(* For each $n\ge3$, the algebra $\mathcal P_n$ defined by $\mathcal P_3=\mathcal{TC}$ and $\mathcal P_n=\mathcal P_{n-1}\sqcup\mathbf 2$ for $n>3$ is a BCK-algebra of order $n$ with $\operatorname{pid}(\mathcal P_n)=\frac{n^2-1}{n^2}$. Consequently the equation $(x\cdot y)\cdot y=x\cdot y$ has no finite satisfiability gap among BCK-algebras.
   Context: A BCK-algebra is a set $A$ with a binary operation $\cdot$ and a constant $0$ such that for all $x,y,z\in A$: (BCK1) $((x\cdot y)\cdot(x\cdot z))\cdot(z\cdot y)=0$; (BCK2) $(x\cdot(x\cdot y))\cdot y=0$; (BCK3) $x\cdot x=0$; (BCK4) $0\cdot x=0$; (BCK5) $x\cdot y=0$ and $y\cdot x=0$ imply $x=y$. For finite $\mathcal A$, $\operatorname{pid}(\mathcal A)=|\{(x,y)\in A^2:(x\cdot y)\cdot y=x\cdot y\}|/|A|^2$. $\mathcal{TC}$ is the BCK-algebra on $\{0,1,2\}$ with $x\cdot y=\max\{x-y,0\}$. $\mathbf 2$ is a two-element BCK-algebra $\{0,b\}$ with $b\cdot0=b$ and other products $0$, $b$ a new element. For BCK-algebras $\mathcal A,\mathcal B$ with $A\cap B=\{0\}$, the BCK-union $\mathcal A\sqcup\mathcal B$ has carrier $A\cup B$, with $x\cdot y$ computed in $\mathcal A$ if $x,y\in A$, in $\mathcal B$ if $x,y\in B$, and $x\cdot y=x$ otherwise. An equation has no finite satisfiability gap in a class if for every $\epsilon>0$ some finite member has degree of satisfiability strictly between $1-\epsilon$ and $1$. *)

theory Defs
  imports Complex_Main
begin

definition bck_algebra :: "'a set \<Rightarrow> ('a \<Rightarrow> 'a \<Rightarrow> 'a) \<Rightarrow> 'a \<Rightarrow> bool" where
  "bck_algebra A m z \<longleftrightarrow> z \<in> A \<and> (\<forall>x\<in>A. \<forall>y\<in>A. m x y \<in> A) \<and>
     (\<forall>x\<in>A. \<forall>y\<in>A. \<forall>w\<in>A. m (m (m x y) (m x w)) (m w y) = z) \<and>
     (\<forall>x\<in>A. \<forall>y\<in>A. m (m x (m x y)) y = z) \<and>
     (\<forall>x\<in>A. m x x = z) \<and>
     (\<forall>x\<in>A. m z x = z) \<and>
     (\<forall>x\<in>A. \<forall>y\<in>A. m x y = z \<and> m y x = z \<longrightarrow> x = y)"

definition pid :: "'a set \<Rightarrow> ('a \<Rightarrow> 'a \<Rightarrow> 'a) \<Rightarrow> real" where
  "pid A m = real (card {(x, y). x \<in> A \<and> y \<in> A \<and> m (m x y) y = m x y}) / real (card A) ^ 2"

text \<open>TC: carrier {0,1,2}, x*y = max(x-y,0) (truncated nat subtraction).\<close>
definition tc_op :: "nat \<Rightarrow> nat \<Rightarrow> nat" where
  "tc_op x y = x - y"

definition two_op :: "'a::zero \<Rightarrow> 'a \<Rightarrow> 'a \<Rightarrow> 'a" where
  "two_op b x y = (if x = b \<and> y = 0 then b else 0)"

text \<open>BCK-union of (A,f) and (B,g) (with A \<inter> B = {0}).\<close>
definition bck_union_op :: "'a set \<Rightarrow> ('a \<Rightarrow> 'a \<Rightarrow> 'a) \<Rightarrow> 'a set \<Rightarrow> ('a \<Rightarrow> 'a \<Rightarrow> 'a) \<Rightarrow> 'a \<Rightarrow> 'a \<Rightarrow> 'a" where
  "bck_union_op A f B g x y =
     (if x \<in> A \<and> y \<in> A then f x y else if x \<in> B \<and> y \<in> B then g x y else x)"

fun P_car :: "nat \<Rightarrow> nat set" where
  "P_car n = (if n \<le> 3 then {0, 1, 2} else P_car (n - 1) \<union> {n - 1})"

fun P_op :: "nat \<Rightarrow> nat \<Rightarrow> nat \<Rightarrow> nat" where
  "P_op n = (if n \<le> 3 then tc_op
             else bck_union_op (P_car (n - 1)) (P_op (n - 1)) {0, n - 1} (two_op (n - 1)))"

declare P_car.simps [simp del] P_op.simps [simp del]

end

theory Submission
  imports Defs
begin

text \<open>
  The pairs violating \<open>(x \<cdot> y) \<cdot> y = x \<cdot> y\<close> in a BCK-union \<open>A \<squnion> B\<close> are exactly those
  violating it in \<open>A\<close> or in \<open>B\<close>: for \<open>x\<close> and \<open>y\<close> on different sides \<open>x \<cdot> y = x\<close>, so the
  equation holds. In TC the only violating pair is \<open>(2, 1)\<close> and in \<open>2\<close> there is none, hence
  \<open>P\<^sub>n\<close> has exactly one violating pair among its \<open>n\<^sup>2\<close> pairs and \<open>pid P\<^sub>n = 1 - 1/n\<^sup>2\<close>,
  which is below 1 but tends to 1.
\<close>

definition pid_failures :: "'a set \<Rightarrow> ('a \<Rightarrow> 'a \<Rightarrow> 'a) \<Rightarrow> ('a \<times> 'a) set" where
  "pid_failures A m = {(x, y) \<in> A \<times> A. m (m x y) y \<noteq> m x y}"

lemma pid_eq_one_minus_failures:
  assumes "finite A" "A \<noteq> {}"
  shows "pid A m = 1 - real (card (pid_failures A m)) / real (card A) ^ 2"
proof -
  have sat: "{(x, y). x \<in> A \<and> y \<in> A \<and> m (m x y) y = m x y} = A \<times> A - pid_failures A m"
    by (auto simp: pid_failures_def)
  have sub: "pid_failures A m \<subseteq> A \<times> A"
    by (auto simp: pid_failures_def)
  then have "card (A \<times> A - pid_failures A m) = card A ^ 2 - card (pid_failures A m)"
    using assms by (simp add: card_Diff_subset finite_subset card_cartesian_product power2_eq_square)
  moreover have "card (pid_failures A m) \<le> card A ^ 2"
    using sub assms
    by (metis card_cartesian_product card_mono finite_cartesian_product power2_eq_square)
  ultimately show ?thesis
    using assms unfolding pid_def sat by (simp add: field_simps)
qed

lemma
  assumes "bck_algebra A m z"
  shows bck_zero_mem: "z \<in> A"
    and bck_closed: "x \<in> A \<Longrightarrow> y \<in> A \<Longrightarrow> m x y \<in> A"
    and bck_axiom1: "x \<in> A \<Longrightarrow> y \<in> A \<Longrightarrow> w \<in> A \<Longrightarrow> m (m (m x y) (m x w)) (m w y) = z"
    and bck_axiom2: "x \<in> A \<Longrightarrow> y \<in> A \<Longrightarrow> m (m x (m x y)) y = z"
    and bck_self: "x \<in> A \<Longrightarrow> m x x = z"
    and bck_zero_left: "x \<in> A \<Longrightarrow> m z x = z"
    and bck_antisym: "x \<in> A \<Longrightarrow> y \<in> A \<Longrightarrow> m x y = z \<Longrightarrow> m y x = z \<Longrightarrow> x = y"
  using assms unfolding bck_algebra_def by blast+

lemma bck_right_zero:
  assumes "bck_algebra A m z" "x \<in> A"
  shows "m x z = x"
proof (rule bck_antisym[OF assms(1)])
  show "m (m x z) x = z"
    using bck_axiom2[OF assms(1,2,2)] by (simp add: bck_self[OF assms])
  have "m x (m x z) \<in> A"
    using assms by (simp add: bck_closed bck_zero_mem)
  moreover have "m (m x (m x z)) z = z" "m z (m x (m x z)) = z"
    using assms calculation by (simp_all add: bck_axiom2 bck_zero_left bck_zero_mem)
  ultimately show "m x (m x z) = z"
    using bck_antisym[OF assms(1)] bck_zero_mem[OF assms(1)] by blast
qed (simp_all add: assms bck_closed[OF assms(1)] bck_zero_mem[OF assms(1)])

lemma bck_diff_le:
  assumes "bck_algebra A m z" "x \<in> A" "y \<in> A"
  shows "m (m x y) x = z"
proof -
  have "m (m (m x y) (m x z)) (m z y) = z"
    using assms by (simp add: bck_axiom1 bck_zero_mem)
  then show ?thesis
    using assms by (simp add: bck_right_zero bck_zero_left bck_closed)
qed

context
  fixes A B :: "'a set" and f g :: "'a \<Rightarrow> 'a \<Rightarrow> 'a" and z :: 'a
  assumes AB: "A \<inter> B = {z}" and A: "bck_algebra A f z" and B: "bck_algebra B g z"
begin

private lemma union_op_left: "x \<in> A \<Longrightarrow> y \<in> A \<Longrightarrow> bck_union_op A f B g x y = f x y"
  by (simp add: bck_union_op_def)

private lemma union_op_right: "x \<in> B \<Longrightarrow> y \<in> B \<Longrightarrow> bck_union_op A f B g x y = g x y"
proof (cases "x \<in> A \<and> y \<in> A")
  case True
  assume "x \<in> B" "y \<in> B"
  with True AB have "x = z" "y = z" by auto
  then show ?thesis
    using bck_self[OF A] bck_self[OF B] bck_zero_mem[OF A] bck_zero_mem[OF B]
    by (simp add: bck_union_op_def)
qed (auto simp: bck_union_op_def)

private lemma union_inter: "x \<in> A \<Longrightarrow> x \<in> B \<Longrightarrow> x = z"
  using AB by blast

private lemma union_op_cross:
  "x \<in> A \<Longrightarrow> y \<in> B - A \<Longrightarrow> bck_union_op A f B g x y = x"
  "x \<in> B \<Longrightarrow> y \<in> A - B \<Longrightarrow> bck_union_op A f B g x y = x"
  using bck_zero_left[OF B] bck_zero_left[OF A] union_inter by (auto simp: bck_union_op_def)

private lemma union_cases: "x \<in> A \<union> B \<Longrightarrow> x = z \<or> x \<in> A - B \<or> x \<in> B - A"
  using AB by blast

private lemmas union_simps = union_op_left union_op_right union_op_cross
  bck_zero_mem[OF A] bck_zero_mem[OF B] bck_closed[OF A] bck_closed[OF B]
  bck_self[OF A] bck_self[OF B] bck_zero_left[OF A] bck_zero_left[OF B]
  bck_right_zero[OF A] bck_right_zero[OF B] bck_diff_le[OF A] bck_diff_le[OF B]
  bck_axiom1[OF A] bck_axiom1[OF B] bck_axiom2[OF A] bck_axiom2[OF B]

lemma bck_algebra_union: "bck_algebra (A \<union> B) (bck_union_op A f B g) z"
  unfolding bck_algebra_def
proof (intro conjI ballI impI)
  let ?h = "bck_union_op A f B g"
  show "z \<in> A \<union> B"
    using AB by auto
  fix x y w assume x: "x \<in> A \<union> B" and y: "y \<in> A \<union> B" and w: "w \<in> A \<union> B"
  show "?h x y \<in> A \<union> B"
    using union_cases[OF x] union_cases[OF y] by (elim disjE; simp add: union_simps)
  show "?h (?h (?h x y) (?h x w)) (?h w y) = z"
    using union_cases[OF x] union_cases[OF y] union_cases[OF w]
    by (elim disjE; simp add: union_simps)
  show "?h (?h x (?h x y)) y = z"
    using union_cases[OF x] union_cases[OF y] by (elim disjE; simp add: union_simps)
  show "?h x x = z" "?h z x = z"
    using union_cases[OF x] by (elim disjE; auto simp: union_simps)+
  show "x = y" if "?h x y = z \<and> ?h y x = z"
    using that union_cases[OF x] union_cases[OF y]
    by (elim disjE) (auto simp: union_simps bck_antisym[OF A] bck_antisym[OF B])
qed

lemma pid_failures_union:
  "pid_failures (A \<union> B) (bck_union_op A f B g) = pid_failures A f \<union> pid_failures B g"
proof -
  have "bck_union_op A f B g (bck_union_op A f B g x y) y \<noteq> bck_union_op A f B g x y \<longleftrightarrow>
      (x \<in> A \<and> y \<in> A \<and> f (f x y) y \<noteq> f x y) \<or> (x \<in> B \<and> y \<in> B \<and> g (g x y) y \<noteq> g x y)"
    if "x \<in> A \<union> B" "y \<in> A \<union> B" for x y
    using union_cases[OF that(1)] union_cases[OF that(2)]
    by (elim disjE; simp add: union_simps)
  then show ?thesis
    unfolding pid_failures_def by auto
qed

end

lemma bck_algebra_tc: "bck_algebra {..k} tc_op 0"
  unfolding bck_algebra_def tc_op_def by auto

lemma pid_failures_tc: "pid_failures {0, 1, 2} tc_op = {(2, 1)}"
  unfolding pid_failures_def tc_op_def by auto

lemma bck_algebra_two:
  fixes b :: "'a::zero"
  assumes "b \<noteq> 0"
  shows "bck_algebra {0, b} (two_op b) 0"
  using assms unfolding bck_algebra_def two_op_def by auto

lemma pid_failures_two: "pid_failures {0, b} (two_op b) = {}"
  unfolding pid_failures_def two_op_def by auto

lemma P_car_3: "P_car 3 = {0, 1, 2}"
  by (simp add: P_car.simps[of 3])

lemma P_car_eq: "n \<ge> 3 \<Longrightarrow> P_car n = {..<n}"
proof (induction n rule: nat_induct_at_least)
  case base
  have "P_car 3 = {0, 1, 2}"
    by (rule P_car_3)
  also have "\<dots> = {..<3}"
    by (auto simp: lessThan_nat_numeral)
  finally show ?case .
next
  case (Suc n)
  have "P_car (Suc n) = P_car n \<union> {n}"
    using Suc.hyps by (simp add: P_car.simps[of "Suc n"])
  then show ?case
    using Suc.IH lessThan_Suc by auto
qed

lemma P_op_Suc:
  "n \<ge> 3 \<Longrightarrow> P_op (Suc n) = bck_union_op (P_car n) (P_op n) {0, n} (two_op n)"
  by (simp add: P_op.simps[of "Suc n"])

lemma bck_algebra_P_and_pid_failures:
  "n \<ge> 3 \<Longrightarrow> bck_algebra (P_car n) (P_op n) 0 \<and> pid_failures (P_car n) (P_op n) = {(2, 1)}"
proof (induction n rule: nat_induct_at_least)
  case base
  have "{..2::nat} = {0, 1, 2}"
    by (auto simp: atMost_nat_numeral)
  moreover have "P_op 3 = tc_op"
    by (simp add: P_op.simps[of 3])
  ultimately show ?case
    using bck_algebra_tc[of 2] pid_failures_tc by (simp add: P_car_3)
next
  case (Suc n)
  have disj: "P_car n \<inter> {0, n} = {0}"
    using Suc.hyps by (auto simp: P_car_eq)
  have car: "P_car (Suc n) = P_car n \<union> {0, n}"
    using Suc.hyps by (auto simp: P_car_eq)
  have two: "bck_algebra {0, n} (two_op n) 0"
    using Suc.hyps by (intro bck_algebra_two) simp
  show ?case
    unfolding car P_op_Suc[OF Suc.hyps]
    using bck_algebra_union[OF disj _ two] pid_failures_union[OF disj _ two] Suc.IH
    by (simp add: pid_failures_two)
qed

lemma pid_P:
  assumes "n \<ge> 3"
  shows "pid (P_car n) (P_op n) = 1 - 1 / real n ^ 2"
proof -
  have "{..<n} \<noteq> {}"
    using assms by (auto simp: lessThan_empty_iff)
  then show ?thesis
    using assms bck_algebra_P_and_pid_failures[OF assms]
    by (simp add: pid_eq_one_minus_failures P_car_eq)
qed

lemma ex_inverse_square_less:
  fixes \<epsilon> :: real
  assumes "\<epsilon> > 0"
  shows "\<exists>n::nat. n \<ge> 3 \<and> 1 / real n ^ 2 < \<epsilon>"
proof -
  obtain k :: nat where k: "1 / \<epsilon> < k"
    using reals_Archimedean2 by blast
  define n where "n = max 3 k"
  have n: "n \<ge> 3" "1 / \<epsilon> < n"
    using k by (auto simp: n_def)
  have "1 / real n ^ 2 \<le> 1 / real n"
    using n by (intro divide_left_mono) (auto simp: power2_eq_square)
  also have "\<dots> < \<epsilon>"
    using assms n by (simp add: pos_divide_less_eq mult.commute)
  finally show ?thesis
    using n by blast
qed

theorem mainTheorem13:
  shows "(\<forall>n::nat. n \<ge> 3 \<longrightarrow>
            bck_algebra (P_car n) (P_op n) 0 \<and> card (P_car n) = n \<and>
            pid (P_car n) (P_op n) = (real n ^ 2 - 1) / real n ^ 2)
       \<and> (\<forall>\<epsilon>::real. \<epsilon> > 0 \<longrightarrow>
            (\<exists>(A::nat set) m z. finite A \<and> bck_algebra A m z \<and>
               1 - \<epsilon> < pid A m \<and> pid A m < 1))"
proof (intro conjI allI impI)
  fix n :: nat assume n: "n \<ge> 3"
  then show "bck_algebra (P_car n) (P_op n) 0"
    using bck_algebra_P_and_pid_failures by blast
  show "card (P_car n) = n"
    using n by (simp add: P_car_eq)
  show "pid (P_car n) (P_op n) = (real n ^ 2 - 1) / real n ^ 2"
    using n by (simp add: pid_P field_simps)
next
  fix \<epsilon> :: real assume "\<epsilon> > 0"
  then obtain n where n: "n \<ge> 3" and small: "1 / real n ^ 2 < \<epsilon>"
    using ex_inverse_square_less by blast
  have "0 < 1 / real n ^ 2"
    using n by simp
  with small pid_P[OF n] have "1 - \<epsilon> < pid (P_car n) (P_op n)" "pid (P_car n) (P_op n) < 1"
    by linarith+
  moreover have "finite (P_car n)"
    using n by (simp add: P_car_eq)
  ultimately show "\<exists>(A::nat set) m z. finite A \<and> bck_algebra A m z \<and> 1 - \<epsilon> < pid A m \<and> pid A m < 1"
    using bck_algebra_P_and_pid_failures[OF n] by blast
qed

end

**What to produce**.
Look above for the line with "using bck_self[OF A]" and the line with "(?h x (?h x y))", and reproduce exactly those two lines plus every line between, nothing more.

**Expected answer**.
    using bck_self[OF A] bck_self[OF B] bck_zero_mem[OF A] bck_zero_mem[OF B]
    by (simp add: bck_union_op_def)
qed (auto simp: bck_union_op_def)

private lemma union_inter: "x \<in> A \<Longrightarrow> x \<in> B \<Longrightarrow> x = z"
  using AB by blast

private lemma union_op_cross:
  "x \<in> A \<Longrightarrow> y \<in> B - A \<Longrightarrow> bck_union_op A f B g x y = x"
  "x \<in> B \<Longrightarrow> y \<in> A - B \<Longrightarrow> bck_union_op A f B g x y = x"
  using bck_zero_left[OF B] bck_zero_left[OF A] union_inter by (auto simp: bck_union_op_def)

private lemma union_cases: "x \<in> A \<union> B \<Longrightarrow> x = z \<or> x \<in> A - B \<or> x \<in> B - A"
  using AB by blast

private lemmas union_simps = union_op_left union_op_right union_op_cross
  bck_zero_mem[OF A] bck_zero_mem[OF B] bck_closed[OF A] bck_closed[OF B]
  bck_self[OF A] bck_self[OF B] bck_zero_left[OF A] bck_zero_left[OF B]
  bck_right_zero[OF A] bck_right_zero[OF B] bck_diff_le[OF A] bck_diff_le[OF B]
  bck_axiom1[OF A] bck_axiom1[OF B] bck_axiom2[OF A] bck_axiom2[OF B]

lemma bck_algebra_union: "bck_algebra (A \<union> B) (bck_union_op A f B g) z"
  unfolding bck_algebra_def
proof (intro conjI ballI impI)
  let ?h = "bck_union_op A f B g"
  show "z \<in> A \<union> B"
    using AB by auto
  fix x y w assume x: "x \<in> A \<union> B" and y: "y \<in> A \<union> B" and w: "w \<in> A \<union> B"
  show "?h x y \<in> A \<union> B"
    using union_cases[OF x] union_cases[OF y] by (elim disjE; simp add: union_simps)
  show "?h (?h (?h x y) (?h x w)) (?h w y) = z"
    using union_cases[OF x] union_cases[OF y] union_cases[OF w]
    by (elim disjE; simp add: union_simps)
  show "?h (?h x (?h x y)) y = z"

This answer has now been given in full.